(* Let $G'$ be a finite directed acyclic graph with distinct vertices $s'_1,\dots,s'_n$ (sources, with no incoming edges) and $t'_1,t'_2$ (terminals, with no outgoing edges) such that for every $i\in\{1,\dots,n\}$ and $j\in\{1,2\}$ there is a directed path from $s'_i$ to $t'_j$. Then there exists a subgraph $G^*$ of $G'$ such that (i) for every $i$ and $j$ there is exactly one directed path from $s'_i$ to $t'_j$ in $G^*$, and (ii) $G^*$ is minimal: for every edge $e$ of $G^*$, removing $e$ from $G^*$ leaves some pair $s'_i,t'_j$ with no directed path from $s'_i$ to $t'_j$.
   Context: "Exactly one directed path" means there is a directed path from $s'_i$ to $t'_j$ and no other, distinct, directed path between them (paths are sequences of edges). *)

theory Defs
  imports "Graph_Theory.Graph_Theory"
begin

end

theory Submission
  imports Defs
begin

== == ==

Directions for this task: Write all of the data above again, exactly as given.

Response:
(* Let $G'$ be a finite directed acyclic graph with distinct vertices $s'_1,\dots,s'_n$ (sources, with no incoming edges) and $t'_1,t'_2$ (terminals, with no outgoing edges) such that for every $i\in\{1,\dots,n\}$ and $j\in\{1,2\}$ there is a directed path from $s'_i$ to $t'_j$. Then there exists a subgraph $G^*$ of $G'$ such that (i) for every $i$ and $j$ there is exactly one directed path from $s'_i$ to $t'_j$ in $G^*$, and (ii) $G^*$ is minimal: for every edge $e$ of $G^*$, removing $e$ from $G^*$ leaves some pair $s'_i,t'_j$ with no directed path from $s'_i$ to $t'_j$.
   Context: "Exactly one directed path" means there is a directed path from $s'_i$ to $t'_j$ and no other, distinct, directed path between them (paths are sequences of edges). *)

theory Defs
  imports "Graph_Theory.Graph_Theory"
begin

end

theory Submission
  imports Defs
begin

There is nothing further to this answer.